GIGGLE’s potential for high scalability is based on two factors. First, identifying the number of overlaps between a query and any given annotation file is determined entirely within the unified index, thus eliminating the inefficiencies of existing methods, which must instead open and inspect the underlying data files. Second, the B+tree structure minimizes disk reads; this is vital to performance since databases of this scale will grow beyond the capacity of main memory and must be stored on disk. To measure GIGGLE’s query performance, we created an index of the ChromHMM6 annotations curated by the Roadmap Epigenomics Project (Roadmap) from 127 tissues and cell lines. Each genome was segmented into 15 genomic states, yielding over 55 million intervals in the resulting GIGGLE index. When testing query performance with a range of 10 to 1,000,000 query intervals, a GIGGLE was 2,336X faster than TABIX and 25X faster than BEDTOOLS (Figure 1b) for the largest comparison. Similarly, using an index of 5,603 annotation files for the human genome (hg19, a total of 6.9 billion intervals) from the UCSC Genome browser, GIGGLE was up to 345X faster than TABIX and 8X faster than BEDTOOLS (Figure 1c).

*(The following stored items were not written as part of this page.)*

(* With the Riccati operator $\mathscr R$ and the RADI iterates $X_1,X_2$, residual factors $R_1,R_2\in\mathbb{R}^{d\times r}$, inner factor $T$ and $\tilde Y_2$ as in the context, suppose $T$ is positive semi-definite. Let $\gamma_1,\gamma_2\in\mathbb{R}$ with $\gamma_1+\gamma_2=1$. Then the residual of the two-term extrapolant, $$\mathscr R(\gamma_1X_1+\gamma_2X_2)=[\,R_1\ R_2\,]\,\mathscr H_2\,[\,R_1\ R_2\,]^{\mathsf T},\qquad \mathscr H_2=\begin{bmatrix}\gamma_1^2T+\gamma_1\gamma_2\tilde Y_2 & \gamma_1\gamma_2(T-\tilde Y_2)\\ \gamma_1\gamma_2(T-\tilde Y_2) & \gamma_2^2T+\gamma_1\gamma_2\tilde Y_2\end{bmatrix},$$ is positive semi-definite if and only if $0\le\gamma_1,\gamma_2\le1$.
   Context: Data: $A,E\in\mathbb{R}^{d\times d}$, $B\in\mathbb{R}^{d\times p}$, $C\in\mathbb{R}^{q\times d}$, $H\in\mathbb{R}^{p\times p}$ symmetric positive definite, and $\mathscr R(X)=A^{\mathsf T}XE+E^{\mathsf T}XA+C^{\mathsf T}C-E^{\mathsf T}XBH^{-1}B^{\mathsf T}XE$. RADI step: start from $X_1$ with $\mathscr R(X_1)=R_1TR_1^{\mathsf T}$, $R_1\in\mathbb{R}^{d\times r}$, $T=T^{\mathsf T}\in\mathbb{R}^{r\times r}$; with a shift $\sigma_1<0$ set $V_2=\sqrt{-2\sigma_1}(A^{\mathsf T}-E^{\mathsf T}X_1BH^{-1}B^{\mathsf T}+\sigma_1E^{\mathsf T})^{-1}R_1T$, $\tilde Y_2=T-\frac{1}{2\sigma_1}(V_2^{\mathsf T}B)H^{-1}(V_2^{\mathsf T}B)^{\mathsf T}$, $X_2=X_1+V_2\tilde Y_2^{-1}V_2^{\mathsf T}$, $R_2=R_1+\sqrt{-2\sigma_1}E^{\mathsf T}V_2\tilde Y_2^{-1}$ (inverses assumed to exist); then $\mathscr R(X_2)=R_2TR_2^{\mathsf T}$. The displayed factorization with $\mathscr H_2$ (using $\gamma_2-\gamma_2^2=\gamma_1\gamma_2$) holds for all $\gamma_1+\gamma_2=1$. *)

theory Defs
  imports "HOL-Analysis.Analysis"
begin

definition riccati ::
  "real^'d^'d \<Rightarrow> real^'d^'d \<Rightarrow> real^'p^'d \<Rightarrow> real^'d^'q \<Rightarrow> real^'p^'p \<Rightarrow> real^'d^'d \<Rightarrow> real^'d^'d" where
  "riccati A E B C H X =
     transpose A ** X ** E + transpose E ** X ** A + transpose C ** C
     - transpose E ** X ** B ** matrix_inv H ** transpose B ** X ** E"

definition sym_mat :: "real^'n^'n \<Rightarrow> bool" where
  "sym_mat M \<longleftrightarrow> transpose M = M"

definition psd :: "real^'n^'n \<Rightarrow> bool" where
  "psd M \<longleftrightarrow> sym_mat M \<and> (\<forall>x. 0 \<le> x \<bullet> (M *v x))"

definition pd :: "real^'n^'n \<Rightarrow> bool" where
  "pd M \<longleftrightarrow> sym_mat M \<and> (\<forall>x. x \<noteq> 0 \<longrightarrow> 0 < x \<bullet> (M *v x))"

definition hcat :: "real^'r^'d \<Rightarrow> real^'s^'d \<Rightarrow> real^('r + 's)^'d" where
  "hcat P Q = (\<chi> i j. case j of Inl k \<Rightarrow> P $ i $ k | Inr k \<Rightarrow> Q $ i $ k)"

definition block2 ::
  "real^'r^'r \<Rightarrow> real^'s^'r \<Rightarrow> real^'r^'s \<Rightarrow> real^'s^'s \<Rightarrow> real^('r + 's)^('r + 's)" where
  "block2 M11 M12 M21 M22 = (\<chi> i j. case i of
       Inl a \<Rightarrow> (case j of Inl b \<Rightarrow> M11 $ a $ b | Inr b \<Rightarrow> M12 $ a $ b)
     | Inr a \<Rightarrow> (case j of Inl b \<Rightarrow> M21 $ a $ b | Inr b \<Rightarrow> M22 $ a $ b))"

end

theory Submission
  imports Defs
begin

text \<open>Write \<open>\<Delta> = X\<^sub>2 - X\<^sub>1 = V\<^sub>2 Y\<^sub>2\<^sup>-\<^sup>1 V\<^sub>2\<^sup>T\<close> and \<open>U = R\<^sub>2 - R\<^sub>1\<close>.
  Since \<open>\<R>\<close> is quadratic, \<open>\<R>(X\<^sub>1 + t\<Delta>)\<close> is a quadratic polynomial in \<open>t\<close>, and the defining
  relations of the RADI step turn it into
  \<open>(R\<^sub>1 + tU) T (R\<^sub>1 + tU)\<^sup>T + (t - t\<^sup>2) U Y\<^sub>2 U\<^sup>T\<close>.
  At \<open>t = \<gamma>\<^sub>2\<close> this is \<open>[R\<^sub>1 R\<^sub>2] \<H>\<^sub>2 [R\<^sub>1 R\<^sub>2]\<^sup>T\<close>, and the quadratic form of \<open>\<H>\<^sub>2\<close> at
  \<open>(x, y)\<close> is \<open>(\<gamma>\<^sub>1x + \<gamma>\<^sub>2y)\<^sup>T T (\<gamma>\<^sub>1x + \<gamma>\<^sub>2y) + \<gamma>\<^sub>1\<gamma>\<^sub>2 (x - y)\<^sup>T Y\<^sub>2 (x - y)\<close>.
  As \<open>T\<close> and the invertible \<open>Y\<^sub>2\<close> are positive semi-definite, this form is nonnegative
  exactly when \<open>\<gamma>\<^sub>1\<gamma>\<^sub>2 \<ge> 0\<close>; the vectors with \<open>\<gamma>\<^sub>1x + \<gamma>\<^sub>2y = 0\<close> witness the converse.\<close>

lemma matrix_add_rdistrib: "((A::'a::semiring_1^'n^'m) + B) ** C = A ** C + B ** C"
  by (simp add: matrix_matrix_mult_def vec_eq_iff sum.distrib distrib_right)

lemma matrix_diff_rdistrib: "((A::'a::ring_1^'n^'m) - B) ** C = A ** C - B ** C"
  by (simp add: matrix_matrix_mult_def vec_eq_iff sum_subtractf left_diff_distrib)

lemma matrix_diff_ldistrib: "(A::'a::ring_1^'n^'m) ** (B - C) = A ** B - A ** C"
  by (simp add: matrix_matrix_mult_def vec_eq_iff sum_subtractf right_diff_distrib)

lemma transpose_add: "transpose (A + B) = transpose A + transpose (B::'a::semiring_1^'n^'m)"
  by (simp add: transpose_def vec_eq_iff)

lemma transpose_diff: "transpose (A - B) = transpose A - transpose (B::'a::ring_1^'n^'m)"
  by (simp add: transpose_def vec_eq_iff)

lemmas matrix_algebra_simps =
  matrix_add_ldistrib matrix_add_rdistrib matrix_diff_ldistrib matrix_diff_rdistrib
  matrix_scalar_ac scalar_matrix_assoc[symmetric] matrix_mul_assoc
  transpose_add transpose_diff transpose_scalar matrix_transpose_mul transpose_transpose

lemma matrix_inv_inverse:
  assumes "invertible (A::real^'n^'n)"
  shows "A ** matrix_inv A = mat 1" and "matrix_inv A ** A = mat 1"
proof -
  have "\<exists>A'. A ** A' = mat 1 \<and> A' ** A = mat 1" using assms invertible_def by blast
  then have "A ** matrix_inv A = mat 1 \<and> matrix_inv A ** A = mat 1"
    unfolding matrix_inv_def by (rule someI_ex)
  then show "A ** matrix_inv A = mat 1" and "matrix_inv A ** A = mat 1" by auto
qed

lemma matrix_inv_symmetric:
  assumes "transpose A = A" and "invertible (A::real^'n^'n)"
  shows "transpose (matrix_inv A) = matrix_inv A"
proof -
  have "transpose (matrix_inv A) = (matrix_inv A ** A) ** transpose (matrix_inv A)"
    using matrix_inv_inverse(2)[OF assms(2)] by simp
  also have "\<dots> = matrix_inv A ** transpose (matrix_inv A ** A)"
    by (simp add: assms(1) matrix_transpose_mul matrix_mul_assoc)
  also have "\<dots> = matrix_inv A"
    using matrix_inv_inverse(2)[OF assms(2)] by simp
  finally show ?thesis .
qed

lemma inner_matrix_vector_transpose: "x \<bullet> (A *v y) = (transpose A *v x) \<bullet> (y::real^'n)"
  by (simp add: dot_lmul_matrix)

lemma pd_imp_invertible:
  assumes "pd (H::real^'n^'n)"
  shows "invertible H"
proof -
  have "H *v x = 0 \<Longrightarrow> x = 0" for x
    using assms unfolding pd_def by (metis inner_zero_right order_less_irrefl)
  then obtain G where "G ** H = mat 1" using matrix_left_invertible_ker by blast
  then show ?thesis using invertible_left_inverse by blast
qed

lemma psd_matrix_inv:
  assumes "pd (H::real^'n^'n)"
  shows "psd (matrix_inv H)"
proof -
  have H_inv: "invertible H" using assms by (rule pd_imp_invertible)
  have "0 \<le> w \<bullet> (matrix_inv H *v w)" for w
  proof -
    let ?u = "matrix_inv H *v w"
    have "H *v ?u = w"
      by (simp add: matrix_vector_mul_assoc matrix_inv_inverse(1)[OF H_inv])
    then have "w \<bullet> ?u = ?u \<bullet> (H *v ?u)" by (metis inner_commute)
    moreover have "0 \<le> ?u \<bullet> (H *v ?u)"
      using assms unfolding pd_def by (cases "?u = 0") (auto simp: less_imp_le)
    ultimately show ?thesis by simp
  qed
  moreover have "transpose (matrix_inv H) = matrix_inv H"
    using assms H_inv by (intro matrix_inv_symmetric) (simp_all add: pd_def sym_mat_def)
  ultimately show ?thesis by (simp add: psd_def sym_mat_def)
qed

lemma psd_add: "psd M \<Longrightarrow> psd N \<Longrightarrow> psd (M + N)"
  by (simp add: psd_def sym_mat_def transpose_add matrix_vector_mult_add_rdistrib inner_add_right)

lemma psd_scaleR: "psd M \<Longrightarrow> 0 \<le> c \<Longrightarrow> psd (c *\<^sub>R M)"
  by (simp add: psd_def sym_mat_def transpose_scalar scaleR_matrix_vector_assoc[symmetric])

lemma psd_congruence:
  assumes "psd (M::real^'n^'n)"
  shows "psd ((G::real^'n^'m) ** M ** transpose G)"
proof -
  have "x \<bullet> ((G ** M ** transpose G) *v x) = (transpose G *v x) \<bullet> (M *v (transpose G *v x))" for x
    by (simp add: inner_matrix_vector_transpose matrix_vector_mul_assoc[symmetric]
        del: transpose_matrix_vector)
  with assms show ?thesis
    by (simp add: psd_def sym_mat_def matrix_transpose_mul matrix_mul_assoc)
qed

lemma psd_invertible_imp_pos_form:
  assumes "psd (Y::real^'n^'n)" and "invertible Y"
  shows "\<exists>w. 0 < w \<bullet> (Y *v w)"
proof (rule ccontr)
  assume "\<not> ?thesis"
  with assms(1) have form_zero: "w \<bullet> (Y *v w) = 0" for w
    unfolding psd_def by (meson not_less order_antisym)
  have sym: "y \<bullet> (Y *v x) = x \<bullet> (Y *v y)" for x y
    using assms(1) by (metis dot_lmul_matrix inner_commute psd_def sym_mat_def transpose_matrix_vector)
  have "x \<bullet> (Y *v y) = 0" for x y
    using form_zero[of "x + y"] form_zero[of x] form_zero[of y] sym[of x y]
    by (simp add: matrix_vector_right_distrib inner_add_left inner_add_right)
  then have "Y *v y = 0" for y by (metis inner_eq_zero_iff)
  then have "(1::real^'n) = 0"
    using matrix_inv_inverse(1)[OF assms(2)] by (metis matrix_vector_mul_assoc matrix_vector_mul_lid)
  then show False by (simp add: vec_eq_iff)
qed

lemma psd_diff_scaled_congruence_inverse:
  assumes "psd T" and "pd H" and "c \<le> 0"
  shows "psd (T - c *\<^sub>R (M ** matrix_inv H ** transpose M))"
proof -
  have "psd ((- c) *\<^sub>R (M ** matrix_inv H ** transpose M))"
    using assms by (intro psd_scaleR psd_congruence psd_matrix_inv) simp_all
  from psd_add[OF assms(1) this] show ?thesis by simp
qed
(* Let $P,\tilde P\in\mathbb{R}^{n\times m}$ with $\mathrm{rank}(P)=n$, and let $\Omega=c+G\mathbf{B}_p$ with $c\in\mathbb{R}^m$, $G\in\mathbb{R}^{m\times p}$, $\mathrm{rank}(G)=m$. Assume $\|(\tilde P-P)c\|\le\|PG\|_l$. Then $\tilde P(c+\alpha G\mathbf{B}_p)\subseteq P\Omega$ for every $\alpha\in[0,\alpha_m]$, where $$\alpha_m=\frac{\|PG\|_l-\|(\tilde P-P)c\|}{\|PG\|_l+\|(\tilde P-P)G\|}.$$
   Context: A norm $\|\cdot\|$ is fixed on each $\mathbb{R}^k$; $\mathbf{B}_k$ is its closed unit ball, and matrices carry the induced operator norms $\|M\|=\sup_{\|x\|\le1}\|Mx\|$. For $M\in\mathbb{R}^{n\times m}\setminus\{0\}$ the matrix lower bound is $\|M\|_l=\max\{\mu\in\mathbb{R}:\ \forall y\in\mathrm{col}(M)\ \exists x\in\mathbb{R}^m \text{ with } Mx=y \text{ and } \mu\|x\|\le\|y\|\}$, where $\mathrm{col}(M)$ is the column space. Minkowski sums and images of sets under matrices are used. *)

theory Defs
  imports "HOL-Analysis.Analysis"
begin

definition is_norm :: "('a::real_vector \<Rightarrow> real) \<Rightarrow> bool" where
  "is_norm N \<longleftrightarrow>
     (\<forall>x. 0 \<le> N x) \<and> (\<forall>x. N x = 0 \<longleftrightarrow> x = 0) \<and>
     (\<forall>a x. N (a *\<^sub>R x) = \<bar>a\<bar> * N x) \<and> (\<forall>x y. N (x + y) \<le> N x + N y)"

definition unit_ball :: "('a \<Rightarrow> real) \<Rightarrow> 'a set" where
  "unit_ball N = {x. N x \<le> 1}"

definition op_norm :: "(real^'m \<Rightarrow> real) \<Rightarrow> (real^'n \<Rightarrow> real) \<Rightarrow> real^'m^'n \<Rightarrow> real" where
  "op_norm Nm Nn M = Sup ((\<lambda>x. Nn (M *v x)) ` unit_ball Nm)"

text \<open>Matrix lower bound (defined for M \<noteq> 0):
  max { mu | \<forall>y \<in> col M. \<exists>x. M x = y \<and> mu * Nm x \<le> Nn y }.\<close>
definition lower_bound :: "(real^'m \<Rightarrow> real) \<Rightarrow> (real^'n \<Rightarrow> real) \<Rightarrow> real^'m^'n \<Rightarrow> real" where
  "lower_bound Nm Nn M =
     (GREATEST mu. \<forall>y \<in> range (\<lambda>x. M *v x). \<exists>x. M *v x = y \<and> mu * Nm x \<le> Nn y)"

end

theory Submission
  imports Defs
begin

text \<open>Write \<open>L\<close> for the lower bound of \<open>P G\<close>, \<open>K\<close> for the operator norm of \<open>(P\<^sup>~ - P) G\<close> and
  \<open>e = \<parallel>(P\<^sup>~ - P) c\<parallel>\<close>. A point of \<open>P\<^sup>~ (c + \<alpha> G B)\<close> is \<open>P (c + \<alpha> G z) + v\<close> with
  \<open>v = (P\<^sup>~ - P) (c + \<alpha> G z)\<close>, so \<open>\<parallel>v\<parallel> \<le> e + \<alpha> K\<close>, and the choice of \<open>\<alpha>\<close> makes this at most
  \<open>(1 - \<alpha>) L\<close>. By definition of the lower bound, \<open>v = P G w'\<close> with \<open>\<parallel>w'\<parallel> \<le> 1 - \<alpha>\<close>, so the
  point is \<open>P (c + G (\<alpha> z + w'))\<close> and \<open>\<alpha> z + w'\<close> lies in the unit ball. The only analytic
  input is that the maximum defining the lower bound is attained; this rests on the existence of
  minimal-norm preimages, by compactness, since all norms on a finite-dimensional space are
  equivalent.\<close>

lemma is_norm_zero: "is_norm N \<Longrightarrow> N 0 = 0"
  by (simp add: is_norm_def)

lemma is_norm_nonneg: "is_norm N \<Longrightarrow> 0 \<le> N x"
  by (simp add: is_norm_def)

lemma is_norm_eq_zero_iff: "is_norm N \<Longrightarrow> N x = 0 \<longleftrightarrow> x = 0"
  by (simp add: is_norm_def)

lemma is_norm_pos: "is_norm N \<Longrightarrow> x \<noteq> 0 \<Longrightarrow> 0 < N x"
  using is_norm_nonneg is_norm_eq_zero_iff by (metis less_eq_real_def)

lemma is_norm_scaleR: "is_norm N \<Longrightarrow> N (a *\<^sub>R x) = \<bar>a\<bar> * N x"
  by (simp add: is_norm_def)

lemma is_norm_triangle: "is_norm N \<Longrightarrow> N (x + y) \<le> N x + N y"
  by (simp add: is_norm_def)

lemma is_norm_minus: "is_norm N \<Longrightarrow> N (- x) = N x"
  using is_norm_scaleR[of N "-1" x] by simp

lemma is_norm_sum: "is_norm N \<Longrightarrow> N (sum f A) \<le> (\<Sum>a\<in>A. N (f a))"
proof (induction A rule: infinite_finite_induct)
  case (insert x F)
  then show ?case using is_norm_triangle[of N "f x" "sum f F"] by simp
qed (simp_all add: is_norm_zero)

lemma is_norm_bounded_by_norm:
  fixes N :: "'a::euclidean_space \<Rightarrow> real"
  assumes "is_norm N"
  shows "\<exists>C\<ge>0. \<forall>x. N x \<le> C * norm x"
proof (intro exI[of _ "\<Sum>b\<in>Basis. N b"] conjI allI)
  show "0 \<le> (\<Sum>b\<in>Basis. N b)"
    by (simp add: sum_nonneg is_norm_nonneg[OF assms])
  fix x :: 'a
  have "N x = N (\<Sum>b\<in>Basis. (x \<bullet> b) *\<^sub>R b)"
    by (simp add: euclidean_representation)
  also have "\<dots> \<le> (\<Sum>b\<in>Basis. N ((x \<bullet> b) *\<^sub>R b))"
    by (rule is_norm_sum[OF assms])
  also have "\<dots> = (\<Sum>b\<in>Basis. \<bar>x \<bullet> b\<bar> * N b)"
    by (simp add: is_norm_scaleR[OF assms])
  also have "\<dots> \<le> (\<Sum>b\<in>Basis. norm x * N b)"
    by (intro sum_mono mult_right_mono is_norm_nonneg[OF assms]) (simp add: Basis_le_norm)
  finally show "N x \<le> (\<Sum>b\<in>Basis. N b) * norm x"
    by (simp add: sum_distrib_left mult.commute)
qed

lemma is_norm_continuous_on:
  fixes N :: "'a::euclidean_space \<Rightarrow> real"
  assumes "is_norm N"
  shows "continuous_on S N"
proof -
  obtain C where C: "C \<ge> 0" "\<And>x. N x \<le> C * norm x"
    using is_norm_bounded_by_norm[OF assms] by blast
  have "lipschitz_on C S N"
  proof (rule lipschitz_onI)
    fix x y
    have "N x \<le> N y + N (x - y)" "N y \<le> N x + N (y - x)"
      using is_norm_triangle[OF assms, of y "x - y"] is_norm_triangle[OF assms, of x "y - x"]
      by simp_all
    moreover have "N (y - x) = N (x - y)"
      using is_norm_minus[OF assms, of "x - y"] by simp
    ultimately have "dist (N x) (N y) \<le> N (x - y)"
      by (simp add: dist_real_def abs_le_iff)
    also have "\<dots> \<le> C * dist x y"
      using C(2)[of "x - y"] by (simp add: dist_norm)
    finally show "dist (N x) (N y) \<le> C * dist x y" .
  qed (fact C(1))
  then show ?thesis
    by (rule lipschitz_on_continuous_on)
qed

lemma is_norm_bounded_below_by_norm:
  fixes N :: "'a::euclidean_space \<Rightarrow> real"
  assumes "is_norm N"
  shows "\<exists>c>0. \<forall>x. c * norm x \<le> N x"
proof -
  obtain x0 where x0: "x0 \<in> sphere 0 1" "\<And>y. y \<in> sphere 0 1 \<Longrightarrow> N x0 \<le> N y"
    using continuous_attains_inf[OF compact_sphere _ is_norm_continuous_on[OF assms], of 0 1]
    by auto
  have "N x0 * norm x \<le> N x" for x
  proof (cases "x = 0")
    case False
    have "N x0 \<le> N ((1 / norm x) *\<^sub>R x)"
      using False by (intro x0(2)) simp
    then show ?thesis
      using False by (simp add: is_norm_scaleR[OF assms] field_simps)
  qed (simp add: is_norm_zero[OF assms])
  moreover have "0 < N x0"
    using x0(1) by (intro is_norm_pos[OF assms]) auto
  ultimately show ?thesis
    by blast
qed

lemma op_norm_nonneg_bound:
  fixes Nm :: "real^'m \<Rightarrow> real" and Nn :: "real^'n \<Rightarrow> real" and M :: "real^'m^'n"
  assumes m: "is_norm Nm" and n: "is_norm Nn"
  shows "0 \<le> op_norm Nm Nn M" and "Nn (M *v x) \<le> op_norm Nm Nn M * Nm x"
proof -
  obtain C where C: "C \<ge> 0" "\<And>y. Nn y \<le> C * norm y"
    using is_norm_bounded_by_norm[OF n] by blast
  obtain c where c: "c > 0" "\<And>x. c * norm x \<le> Nm x"
    using is_norm_bounded_below_by_norm[OF m] by blast
  obtain K where K: "K > 0" "\<And>x. norm (M *v x) \<le> norm x * K"
    using bounded_linear.pos_bounded[OF matrix_vector_mul_bounded_linear] by blast
  have "bdd_above ((\<lambda>x. Nn (M *v x)) ` unit_ball Nm)"
  proof (rule bdd_aboveI2)
    fix x assume "x \<in> unit_ball Nm"
    then have "c * norm x \<le> 1"
      using c(2)[of x] by (simp add: unit_ball_def)
    then have "norm x \<le> 1 / c"
      using c(1) by (simp add: field_simps)
    then have "norm x * K \<le> 1 / c * K"
      using K(1) by (intro mult_right_mono) simp_all
    then show "Nn (M *v x) \<le> C * (1 / c * K)"
      using C K(2)[of x] by (meson mult_left_mono order_trans)
  qed
  then have below: "Nn (M *v x) \<le> op_norm Nm Nn M" if "Nm x \<le> 1" for x
    using that unfolding op_norm_def by (intro cSUP_upper) (simp_all add: unit_ball_def)
  show "0 \<le> op_norm Nm Nn M"
    using below[of 0] by (simp add: is_norm_zero[OF m] is_norm_zero[OF n])
  show "Nn (M *v x) \<le> op_norm Nm Nn M * Nm x"
  proof (cases "x = 0")
    case False
    then have pos: "Nm x > 0"
      by (rule is_norm_pos[OF m])
    have "Nn (M *v ((1 / Nm x) *\<^sub>R x)) \<le> op_norm Nm Nn M"
      using pos by (intro below) (simp add: is_norm_scaleR[OF m])
    then show ?thesis
      using pos by (simp add: matrix_vector_mult_scaleR is_norm_scaleR[OF n] field_simps)
  qed (simp add: is_norm_zero[OF m] is_norm_zero[OF n])
qed

lemma exists_min_norm_preimage:
  fixes N :: "'a::euclidean_space \<Rightarrow> real" and f :: "'a \<Rightarrow> 'b::real_normed_vector"
  assumes "is_norm N" and "linear f" and "y \<in> range f"
  shows "\<exists>x. f x = y \<and> (\<forall>x'. f x' = y \<longrightarrow> N x \<le> N x')"
proof -
  obtain x0 where x0: "f x0 = y"
    using assms(3) by blast
  obtain c where c: "c > 0" "\<And>x. c * norm x \<le> N x"
    using is_norm_bounded_below_by_norm[OF assms(1)] by blast
  define T where "T = {x. f x = y} \<inter> {x. N x \<le> N x0}"
  have "closed T"
    unfolding T_def using assms(2)
    by (intro closed_Int closed_Collect_eq closed_Collect_le is_norm_continuous_on[OF assms(1)]
        continuous_on_const linear_continuous_on) (simp_all add: linear_conv_bounded_linear)
  moreover have "bounded T"
    unfolding bounded_iff
  proof (intro exI ballI)
    fix x assume "x \<in> T"
    then have "c * norm x \<le> N x0"
      using c(2)[of x] by (simp add: T_def)
    then show "norm x \<le> N x0 / c"
      using c(1) by (simp add: field_simps)
  qed
  ultimately have "compact T"
    by (simp add: compact_eq_bounded_closed)
  moreover have "T \<noteq> {}"
    using x0 by (auto simp: T_def)
  ultimately obtain x where x: "x \<in> T" "\<And>x'. x' \<in> T \<Longrightarrow> N x \<le> N x'"
    using continuous_attains_inf[OF _ _ is_norm_continuous_on[OF assms(1)]] by meson
  show ?thesis
  proof (intro exI conjI allI impI)
    show "f x = y"
      using x(1) by (simp add: T_def)
    fix x' assume "f x' = y"
    show "N x \<le> N x'"
    proof (cases "N x' \<le> N x0")
      case True
      then show ?thesis using x(2) \<open>f x' = y\<close> by (simp add: T_def)
    next
      case False
      then show ?thesis using x(1) by (simp add: T_def)
    qed
  qed
qed

lemma Greatest_mult_le:
  fixes a b :: "'y \<Rightarrow> real"
  assumes "\<And>y. 0 \<le> a y" and "\<And>y. 0 \<le> b y" and "0 < a y0"
  shows "(GREATEST \<mu>. \<forall>y. \<mu> * a y \<le> b y) * a y \<le> b y"
proof -
  define S where "S = {\<mu>. \<forall>y. \<mu> * a y \<le> b y}"
  have "0 \<in> S"
    unfolding S_def using assms(2) by simp
  have "bdd_above S"
  proof (rule bdd_aboveI)
    fix \<mu> assume "\<mu> \<in> S"
    then have "\<mu> * a y0 \<le> b y0"
      by (simp add: S_def)
    then show "\<mu> \<le> b y0 / a y0"
      using assms(3) by (simp add: field_simps)
  qed
  have "Sup S * a y \<le> b y" for y
  proof (cases "a y = 0")
    case False
    then have "a y > 0"
      using assms(1) less_eq_real_def by auto
    moreover have "Sup S \<le> b y / a y"
    proof (rule cSup_least)
      show "S \<noteq> {}"
        using \<open>0 \<in> S\<close> by blast
      fix \<mu> assume "\<mu> \<in> S"
      then show "\<mu> \<le> b y / a y"
        using \<open>a y > 0\<close> by (simp add: S_def field_simps)
    qed
    ultimately show ?thesis
      by (simp add: field_simps)
  qed (simp add: assms(2))
  then have "Sup S \<in> S"
    unfolding S_def by blast
  then have "(GREATEST \<mu>. \<mu> \<in> S) = Sup S"
    using \<open>bdd_above S\<close> by (intro Greatest_equality cSup_upper) auto
  with \<open>Sup S \<in> S\<close> show ?thesis
    unfolding S_def by simp
qed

Speed is essential for searching data of this scale, but, as with internet searches, it is arguably more important to rank order results by their relevance to the set of query intervals. Ranking requires a metric that quantifies the degree of similarity between the query intervals and each interval file in the GIGGLE index. Monte Carlo (MC) simulations are commonly used in genomics analyses7,8 to compare the observed number of intersections to a null distribution of intersections obtained by randomly shuffling intervals thousands of times and testing the number of intersections in each trial. While MC simulations are an effective method for pairs of interval sets, they are computationally intractable for large-scale datasets since thousands of permutations are required for each interval file.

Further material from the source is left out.